The HOG feature can be extracted using the following four steps: (1) Compute image gradients for each pixel, with the gradients used to calculate the magnitude and orientation of the pixel. (2) The second step is creating the cell histograms. Each pixel within the cell casts a weighted vote for an orientation-based histogram channel. [I don’t know what you mean by this – the word “over” doesn’t make sense here]. The weighted votes are interpolated between the neighboring bins across both orientation and position in order to avoid aliasing. Linear interpolation distributes the weight into the two nearest neighboring bins and tri-linear interpolation distributes the weight into eight surrounding bins. (3) Normalize contrast for each block. (4) Collect the histograms for all overlapping blocks over the detection window.

The resulting HOG feature in each cell contains important information on how to separate eyes from other objects, yet redundant information may also be included in the feature. Now the AdaBoost is applied to learn a new feature from the HOG feature at hand. For each cell, the set of weak classifiers should first be created. As the HOG is a histogram with bins indicating local gradient distribution, we compare the value on one bin with a threshold to determine whether the image contains the objects. The AdaBoost algorithm starts with assigning weights to the training samples. In each iteration, the weak classifier with the lowest error rate is selected and given a weight to determine its importance in the final classifier. Before the next iteration begins, the weights of any misclassified samples are increased so that the algorithm can focus on those hard samples.
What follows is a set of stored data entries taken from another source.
lemma d6_sigma_pow: "d6_sigma [^]\<^bsub>D6\<^esub> (k::nat) = (k mod 6, False)"
proof (induction k)
  case 0
  then show ?case by (simp add: one_D6)
next
  case (Suc k)
  then show ?case
    by (simp add: monoid.nat_pow_Suc[OF group.is_monoid[OF group_D6]] mult_D6 d6_mult_def
        d6_sigma_def mod_Suc_eq)
qed

lemma d6_sigma_mult_tau: "d6_sigma \<otimes>\<^bsub>D6\<^esub> d6_tau = (1, True)"
  by (simp add: mult_D6 d6_mult_def d6_sigma_def d6_tau_def)

definition d6_closed :: "(nat \<times> bool) list \<Rightarrow> bool" where
  "d6_closed l \<longleftrightarrow> l \<noteq> [] \<and> list_all (\<lambda>x. x \<in> set d6_elems \<and> d6_inv x \<in> set l
     \<and> list_all (\<lambda>y. d6_mult x y \<in> set l) l) l"

lemma subgroup_D6_if_closed:
  assumes "d6_closed l"
  shows "subgroup (set l) D6"
proof (rule group.subgroupI[OF group_D6])
  show "set l \<subseteq> carrier D6" "set l \<noteq> {}"
    using assms by (auto simp: d6_closed_def carrier_D6 list_all_iff)
  then show "\<And>x. x \<in> set l \<Longrightarrow> inv\<^bsub>D6\<^esub> x \<in> set l"
    using assms by (auto simp: d6_closed_def inv_D6 list_all_iff)
  show "\<And>x y. x \<in> set l \<Longrightarrow> y \<in> set l \<Longrightarrow> x \<otimes>\<^bsub>D6\<^esub> y \<in> set l"
    using assms by (simp add: d6_closed_def mult_D6 list_all_iff)
qed

definition d6_products :: "(nat \<times> bool) list \<Rightarrow> (nat \<times> bool) list" where
  "d6_products A = remdups (A @ [d6_mult x y. x \<leftarrow> A, y \<leftarrow> A])"

lemma d6_products_generate:
  assumes "set A \<subseteq> generate D6 S"
  shows "set (d6_products A) \<subseteq> generate D6 S"
proof -
  have "d6_mult x y \<in> generate D6 S" if "x \<in> set A" "y \<in> set A" for x y
    using assms that generate.eng[of x D6 S y] by (auto simp: mult_D6)
  then show ?thesis
    using assms by (auto simp: d6_products_def simp del: split_paired_All)
qed

definition d6_generates :: "(nat \<times> bool) list \<Rightarrow> (nat \<times> bool) list \<Rightarrow> bool" where
  "d6_generates S l \<longleftrightarrow> d6_closed l \<and> set S \<subseteq> set l
     \<and> set l \<subseteq> set ((d6_products ^^ 3) ((0, False) # S))"

lemma generate_D6_eq:
  assumes "d6_generates S l"
  shows "generate D6 (set S) = set l"
proof
  show "generate D6 (set S) \<subseteq> set l"
    using group.generate_subgroup_incl[OF group_D6] subgroup_D6_if_closed assms
    by (auto simp: d6_generates_def)
  have "set ((0, False) # S) \<subseteq> generate D6 (set S)"
    using generate.one[of D6 "set S"] generate.incl[of _ "set S" D6] by (auto simp: one_D6)
  then have "set ((d6_products ^^ k) ((0, False) # S)) \<subseteq> generate D6 (set S)" for k
    by (induction k) (simp_all add: d6_products_generate)
  then show "set l \<subseteq> generate D6 (set S)"
    using assms by (auto simp: d6_generates_def)
qed

definition "d6_C2_1 = [(0, False), (3, False)]"
definition "d6_C2_2 = [(0, False), (0, True)]"
definition "d6_C2_3 = [(0, False), (1, True)]"
definition "d6_C3 = [(0, False), (2, False), (4, False)]"
definition "d6_V4 = [(0, False), (3, False), (0, True), (3, True)]"
definition "d6_C6 = [(0, False), (1, False), (2, False), (3, False), (4, False), (5, False)]"
definition "d6_S3_1 = [(0, False), (2, False), (4, False), (0, True), (2, True), (4, True)]"
definition "d6_S3_2 = [(0, False), (2, False), (4, False), (1, True), (3, True), (5, True)]"

lemma d6_generators:
  "d6_generates [(1, False), (0, True)] d6_elems"
  "d6_generates [(3, False)] d6_C2_1"
  "d6_generates [(0, True)] d6_C2_2"
  "d6_generates [(1, True)] d6_C2_3"
  "d6_generates [(2, False)] d6_C3"
  "d6_generates [(3, False), (0, True)] d6_V4"
  "d6_generates [(1, False)] d6_C6"
  "d6_generates [(2, False), (0, True)] d6_S3_1"
  "d6_generates [(2, False), (1, True)] d6_S3_2"
  by code_simp+

lemma generate_D6_sigma_tau: "generate D6 {d6_sigma, d6_tau} = carrier D6"
  using generate_D6_eq[OF d6_generators(1)] by (simp add: carrier_D6 d6_sigma_def d6_tau_def)

definition d6_enumeration_ok ::
    "(nat \<times> bool) list list \<Rightarrow> nat list \<Rightarrow> (nat \<times> bool) list \<Rightarrow> nat list list \<Rightarrow> bool" where
  "d6_enumeration_ok Hl bs rs tab \<longleftrightarrow> list_all d6_closed Hl \<and> length rs = length bs
    \<and> list_all (\<lambda>k. bs ! k < length Hl \<and> rs ! k \<in> set d6_elems
        \<and> list_all (\<lambda>l. bs ! k = bs ! l \<and> d6_mult (d6_inv (rs ! k)) (rs ! l) \<in> set (Hl ! (bs ! k))
            \<longrightarrow> k = l) [0..<length bs]) [0..<length bs]
    \<and> list_all (\<lambda>i. list_all (\<lambda>h. let k = tab ! i ! d6_index h in
        k < length bs \<and> bs ! k = i \<and> d6_mult (d6_inv (rs ! k)) h \<in> set (Hl ! i)) d6_elems)
      [0..<length Hl]"

lemma coset_enumeration_D6:
  assumes "d6_enumeration_ok Hl bs rs tab"
  shows "coset_enumeration D6 (map set Hl) (length bs) ((!) bs) ((!) rs) (\<lambda>i h. tab ! i ! d6_index h)"
proof (rule coset_enumeration.intro[OF group_D6], unfold_locales)
  show "\<forall>H\<in>set (map set Hl). subgroup H D6"
    using assms subgroup_D6_if_closed by (auto simp: d6_enumeration_ok_def list_all_iff)
qed (use assms in \<open>auto simp: d6_enumeration_ok_def list_all_iff Let_def carrier_D6 inv_D6 mult_D6\<close>)

section \<open>The certificate\<close>

definition lhs_subgroups :: "(nat \<times> bool) list list" where
  "lhs_subgroups = [[(0, False)], d6_V4, d6_V4, d6_C6, d6_S3_1, d6_S3_2]"

definition rhs_subgroups :: "(nat \<times> bool) list list" where
  "rhs_subgroups = [d6_C2_1, d6_C2_2, d6_C2_3, d6_C3, d6_elems, d6_elems]"

(* Point k of the left-hand G-set is the coset (lhs_rep ! k) H, where H = lhs_subgroups ! i and
   i = lhs_block ! k; entry (i, d6_index h) of lhs_coset_table is the number of the point h H.
   The same for the right-hand side. *)
definition lhs_block :: "nat list" where
  "lhs_block = [0, 0, 0, 0, 0, 0, 0, 0, 0, 0, 0, 0, 1, 1, 1, 2, 2, 2, 3, 3, 4, 4, 5, 5]"

definition lhs_rep :: "(nat \<times> bool) list" where
  "lhs_rep =
    [(0, False), (1, False), (2, False), (3, False), (4, False), (5, False),
     (0, True), (1, True), (2, True), (3, True), (4, True), (5, True),
     (0, False), (1, False), (2, False), (0, False), (1, False), (2, False),
     (0, False), (0, True), (0, False), (1, False), (0, False), (1, False)]"

definition lhs_coset_table :: "nat list list" where
  "lhs_coset_table =
    [[0, 1, 2, 3, 4, 5, 6, 7, 8, 9, 10, 11],
     [12, 13, 14, 12, 13, 14, 12, 13, 14, 12, 13, 14],
     [15, 16, 17, 15, 16, 17, 15, 16, 17, 15, 16, 17],
     [18, 18, 18, 18, 18, 18, 19, 19, 19, 19, 19, 19],
     [20, 21, 20, 21, 20, 21, 20, 21, 20, 21, 20, 21],
     [22, 23, 22, 23, 22, 23, 23, 22, 23, 22, 23, 22]]"

definition rhs_block :: "nat list" where
  "rhs_block = [0, 0, 0, 0, 0, 0, 1, 1, 1, 1, 1, 1, 2, 2, 2, 2, 2, 2, 3, 3, 3, 3, 4, 5]"

definition rhs_rep :: "(nat \<times> bool) list" where
  "rhs_rep =
    [(0, False), (1, False), (2, False), (0, True), (1, True), (2, True),
     (0, False), (1, False), (2, False), (3, False), (4, False), (5, False),
     (0, False), (1, False), (2, False), (3, False), (4, False), (5, False),
     (0, False), (1, False), (0, True), (1, True), (0, False), (0, False)]"

definition rhs_coset_table :: "nat list list" where
  "rhs_coset_table =
    [[0, 1, 2, 0, 1, 2, 3, 4, 5, 3, 4, 5],
     [6, 7, 8, 9, 10, 11, 6, 7, 8, 9, 10, 11],
     [12, 13, 14, 15, 16, 17, 17, 12, 13, 14, 15, 16],
     [18, 19, 18, 19, 18, 19, 20, 21, 20, 21, 20, 21],
     [22, 22, 22, 22, 22, 22, 22, 22, 22, 22, 22, 22],
     [23, 23, 23, 23, 23, 23, 23, 23, 23, 23, 23, 23]]"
The output of the AdaBoost training on each cell is a strong classifier and the strong classifiers from all the cells of an input image patch are combined to construct a feature vector. We train an SVM [7, 35] over the feature vectors for the classification. An SVM is a classifier that finds the maximum margin hyperplane that optimally separates the data into two categories for the given training set. In general, an SVM can be presented by:

$$ f(x)=\operatorname{sgn}\left({\displaystyle \sum_{i=1}^k{\alpha}_i{y}_iK\left(x,{x}_i\right)}+b\right) $$

(6)

where k is the number of data points and y_i is the class label of training point x_i. The kernel function K(x, xi) in this paper is a radial basis function (RBF) kernel, as shown in Eq. (7):

$$ {K}_{RBF}\left(x,x^{\prime}\right)= \exp \left(-\gamma \left|\right|x-x^{\prime}\left|\right|{}^2\right) $$

(7)

The procedure of the SVM training for classification can be summarized as follows: (1) Train the Adaboost classifier using the training samples and compute the HOG features. (2) With the obtained features, train the SVM classifier using all the samples. Test the trained SVM on the same training samples. Find all the false positive and false negative samples. (3) Use the false positive samples and false negative samples to train the Adaboost classifiers as in step 1. (4) Combine the obtained Adaboost classifiers to build the feature vector and train the final linear SVM classifier to classify objects.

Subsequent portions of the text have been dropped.